## Work order
List all lines of the data that include the string "Longrightarrow".

━━━━━ Data supplied

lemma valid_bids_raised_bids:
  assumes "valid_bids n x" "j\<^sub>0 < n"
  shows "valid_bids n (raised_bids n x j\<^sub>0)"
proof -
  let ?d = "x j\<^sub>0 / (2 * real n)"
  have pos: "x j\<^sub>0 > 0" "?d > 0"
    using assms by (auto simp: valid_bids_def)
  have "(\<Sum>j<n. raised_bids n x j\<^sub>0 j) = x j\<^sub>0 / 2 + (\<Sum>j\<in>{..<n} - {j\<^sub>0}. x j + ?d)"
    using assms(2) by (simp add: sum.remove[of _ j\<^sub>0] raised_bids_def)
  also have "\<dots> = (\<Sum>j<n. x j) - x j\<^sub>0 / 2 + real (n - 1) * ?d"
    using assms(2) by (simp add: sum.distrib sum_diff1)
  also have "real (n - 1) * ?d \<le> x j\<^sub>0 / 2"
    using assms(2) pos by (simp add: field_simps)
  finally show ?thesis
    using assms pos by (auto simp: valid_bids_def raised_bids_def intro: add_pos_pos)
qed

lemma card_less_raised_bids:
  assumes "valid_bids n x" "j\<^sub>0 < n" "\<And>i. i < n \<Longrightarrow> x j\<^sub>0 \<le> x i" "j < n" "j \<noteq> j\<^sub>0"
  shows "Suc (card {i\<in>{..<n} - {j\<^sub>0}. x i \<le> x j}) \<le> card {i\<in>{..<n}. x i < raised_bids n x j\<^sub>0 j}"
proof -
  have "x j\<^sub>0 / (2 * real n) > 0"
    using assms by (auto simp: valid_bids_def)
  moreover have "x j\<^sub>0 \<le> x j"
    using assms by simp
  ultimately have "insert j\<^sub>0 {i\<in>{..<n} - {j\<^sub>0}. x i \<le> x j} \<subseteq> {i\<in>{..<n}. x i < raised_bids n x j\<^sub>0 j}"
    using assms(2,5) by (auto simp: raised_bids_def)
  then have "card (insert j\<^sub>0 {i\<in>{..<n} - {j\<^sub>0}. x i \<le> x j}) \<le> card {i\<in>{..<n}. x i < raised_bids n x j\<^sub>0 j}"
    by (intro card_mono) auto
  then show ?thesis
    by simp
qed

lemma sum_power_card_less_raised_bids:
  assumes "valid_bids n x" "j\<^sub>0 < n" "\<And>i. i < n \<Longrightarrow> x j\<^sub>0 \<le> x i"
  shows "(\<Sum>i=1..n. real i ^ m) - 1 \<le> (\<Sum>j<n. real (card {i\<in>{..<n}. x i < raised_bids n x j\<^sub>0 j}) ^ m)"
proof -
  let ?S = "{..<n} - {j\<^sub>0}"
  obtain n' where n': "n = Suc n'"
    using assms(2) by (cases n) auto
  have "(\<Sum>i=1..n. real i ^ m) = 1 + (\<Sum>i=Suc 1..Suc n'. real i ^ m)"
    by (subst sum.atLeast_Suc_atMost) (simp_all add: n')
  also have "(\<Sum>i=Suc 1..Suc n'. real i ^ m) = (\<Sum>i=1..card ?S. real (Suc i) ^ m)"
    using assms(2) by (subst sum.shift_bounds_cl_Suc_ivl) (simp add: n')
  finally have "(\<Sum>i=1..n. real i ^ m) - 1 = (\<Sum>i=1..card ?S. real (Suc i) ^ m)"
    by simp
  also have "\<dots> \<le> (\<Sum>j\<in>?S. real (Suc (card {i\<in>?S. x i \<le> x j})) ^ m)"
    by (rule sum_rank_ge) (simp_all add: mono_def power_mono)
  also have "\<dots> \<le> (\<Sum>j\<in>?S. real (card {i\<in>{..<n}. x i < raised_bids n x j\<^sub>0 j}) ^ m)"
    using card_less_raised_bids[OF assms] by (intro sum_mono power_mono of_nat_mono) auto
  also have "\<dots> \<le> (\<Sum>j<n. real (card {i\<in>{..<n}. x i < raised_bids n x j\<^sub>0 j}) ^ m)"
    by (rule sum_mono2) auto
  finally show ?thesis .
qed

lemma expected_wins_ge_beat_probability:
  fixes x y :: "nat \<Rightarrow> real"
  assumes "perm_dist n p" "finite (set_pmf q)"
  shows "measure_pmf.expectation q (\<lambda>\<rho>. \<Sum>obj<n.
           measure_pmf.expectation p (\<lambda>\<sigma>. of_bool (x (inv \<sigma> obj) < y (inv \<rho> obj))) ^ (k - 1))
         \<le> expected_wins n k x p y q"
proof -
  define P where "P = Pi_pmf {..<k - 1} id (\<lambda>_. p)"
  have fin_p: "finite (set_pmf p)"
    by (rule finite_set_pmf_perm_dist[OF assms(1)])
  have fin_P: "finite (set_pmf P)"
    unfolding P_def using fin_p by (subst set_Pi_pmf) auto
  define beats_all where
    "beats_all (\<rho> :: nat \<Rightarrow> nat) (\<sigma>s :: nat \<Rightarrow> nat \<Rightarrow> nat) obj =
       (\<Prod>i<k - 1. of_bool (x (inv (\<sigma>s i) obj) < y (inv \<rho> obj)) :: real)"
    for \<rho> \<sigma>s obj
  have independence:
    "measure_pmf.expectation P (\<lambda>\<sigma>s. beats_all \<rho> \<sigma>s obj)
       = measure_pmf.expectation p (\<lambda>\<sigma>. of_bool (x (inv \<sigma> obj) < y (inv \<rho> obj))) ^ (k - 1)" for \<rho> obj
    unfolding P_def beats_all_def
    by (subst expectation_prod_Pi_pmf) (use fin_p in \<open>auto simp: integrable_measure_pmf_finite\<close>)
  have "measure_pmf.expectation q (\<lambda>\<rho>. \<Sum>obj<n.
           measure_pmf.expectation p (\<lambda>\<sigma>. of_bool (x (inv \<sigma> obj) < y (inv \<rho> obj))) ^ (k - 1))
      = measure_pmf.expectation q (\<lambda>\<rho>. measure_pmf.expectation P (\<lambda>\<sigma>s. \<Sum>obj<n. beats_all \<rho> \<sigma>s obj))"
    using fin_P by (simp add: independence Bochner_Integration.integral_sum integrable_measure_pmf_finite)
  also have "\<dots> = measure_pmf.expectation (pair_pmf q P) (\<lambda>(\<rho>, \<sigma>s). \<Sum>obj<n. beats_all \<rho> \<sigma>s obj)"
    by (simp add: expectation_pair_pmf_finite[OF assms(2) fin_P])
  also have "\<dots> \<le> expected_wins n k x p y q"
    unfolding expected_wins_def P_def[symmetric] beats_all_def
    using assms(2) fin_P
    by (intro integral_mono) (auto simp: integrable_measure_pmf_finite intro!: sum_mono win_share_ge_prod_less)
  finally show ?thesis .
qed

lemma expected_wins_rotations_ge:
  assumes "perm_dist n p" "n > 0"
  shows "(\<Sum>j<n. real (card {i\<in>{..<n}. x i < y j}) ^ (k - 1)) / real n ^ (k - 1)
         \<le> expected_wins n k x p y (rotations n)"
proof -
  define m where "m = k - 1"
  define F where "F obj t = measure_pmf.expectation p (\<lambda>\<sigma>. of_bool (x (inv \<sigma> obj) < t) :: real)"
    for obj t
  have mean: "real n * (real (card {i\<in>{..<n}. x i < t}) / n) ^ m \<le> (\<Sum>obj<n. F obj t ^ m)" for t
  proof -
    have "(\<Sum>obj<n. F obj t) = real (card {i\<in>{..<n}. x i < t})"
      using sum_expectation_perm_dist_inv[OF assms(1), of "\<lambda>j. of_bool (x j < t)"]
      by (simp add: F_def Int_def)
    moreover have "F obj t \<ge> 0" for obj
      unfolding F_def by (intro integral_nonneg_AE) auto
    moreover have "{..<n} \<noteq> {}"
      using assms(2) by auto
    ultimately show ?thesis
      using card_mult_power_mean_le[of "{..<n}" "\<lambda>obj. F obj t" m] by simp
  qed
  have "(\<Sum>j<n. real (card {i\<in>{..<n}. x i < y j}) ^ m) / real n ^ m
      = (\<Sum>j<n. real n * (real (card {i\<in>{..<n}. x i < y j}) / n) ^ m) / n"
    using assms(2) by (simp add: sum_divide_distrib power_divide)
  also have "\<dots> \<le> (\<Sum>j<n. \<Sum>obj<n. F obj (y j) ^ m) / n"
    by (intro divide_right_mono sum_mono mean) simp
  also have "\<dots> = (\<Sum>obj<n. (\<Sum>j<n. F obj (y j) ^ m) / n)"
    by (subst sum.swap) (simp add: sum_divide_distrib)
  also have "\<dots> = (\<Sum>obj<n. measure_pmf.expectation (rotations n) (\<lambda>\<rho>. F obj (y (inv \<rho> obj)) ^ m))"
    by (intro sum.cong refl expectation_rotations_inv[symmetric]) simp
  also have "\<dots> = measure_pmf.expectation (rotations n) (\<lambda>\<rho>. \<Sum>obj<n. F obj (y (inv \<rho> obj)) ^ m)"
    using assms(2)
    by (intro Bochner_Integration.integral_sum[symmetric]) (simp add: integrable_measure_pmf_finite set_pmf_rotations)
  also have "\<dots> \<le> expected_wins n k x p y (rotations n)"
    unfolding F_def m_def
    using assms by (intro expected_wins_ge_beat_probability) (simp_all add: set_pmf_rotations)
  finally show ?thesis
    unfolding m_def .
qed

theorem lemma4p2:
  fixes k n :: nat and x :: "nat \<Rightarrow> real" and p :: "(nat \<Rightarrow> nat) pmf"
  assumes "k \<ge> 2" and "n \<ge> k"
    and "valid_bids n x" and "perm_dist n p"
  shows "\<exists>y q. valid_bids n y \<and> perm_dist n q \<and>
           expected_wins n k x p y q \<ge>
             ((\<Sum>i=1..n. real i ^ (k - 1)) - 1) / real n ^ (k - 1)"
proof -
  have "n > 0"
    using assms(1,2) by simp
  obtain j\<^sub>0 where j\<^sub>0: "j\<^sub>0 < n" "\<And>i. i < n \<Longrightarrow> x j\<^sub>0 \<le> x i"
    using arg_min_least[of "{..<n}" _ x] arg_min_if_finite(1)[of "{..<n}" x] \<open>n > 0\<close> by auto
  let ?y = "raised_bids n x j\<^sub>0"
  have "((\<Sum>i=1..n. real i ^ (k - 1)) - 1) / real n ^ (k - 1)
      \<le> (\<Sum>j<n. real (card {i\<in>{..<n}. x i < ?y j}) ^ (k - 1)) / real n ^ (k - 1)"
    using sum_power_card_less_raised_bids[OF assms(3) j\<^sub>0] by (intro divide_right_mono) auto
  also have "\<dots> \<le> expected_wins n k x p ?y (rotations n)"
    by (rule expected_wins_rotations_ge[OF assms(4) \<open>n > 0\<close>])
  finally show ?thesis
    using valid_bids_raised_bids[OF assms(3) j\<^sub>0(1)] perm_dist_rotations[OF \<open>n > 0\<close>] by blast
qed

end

━━━━━━━━━━

## Output for this exercise
  assumes "valid_bids n x" "j\<^sub>0 < n" "\<And>i. i < n \<Longrightarrow> x j\<^sub>0 \<le> x i" "j < n" "j \<noteq> j\<^sub>0"
  assumes "valid_bids n x" "j\<^sub>0 < n" "\<And>i. i < n \<Longrightarrow> x j\<^sub>0 \<le> x i"
  obtain j\<^sub>0 where j\<^sub>0: "j\<^sub>0 < n" "\<And>i. i < n \<Longrightarrow> x j\<^sub>0 \<le> x i"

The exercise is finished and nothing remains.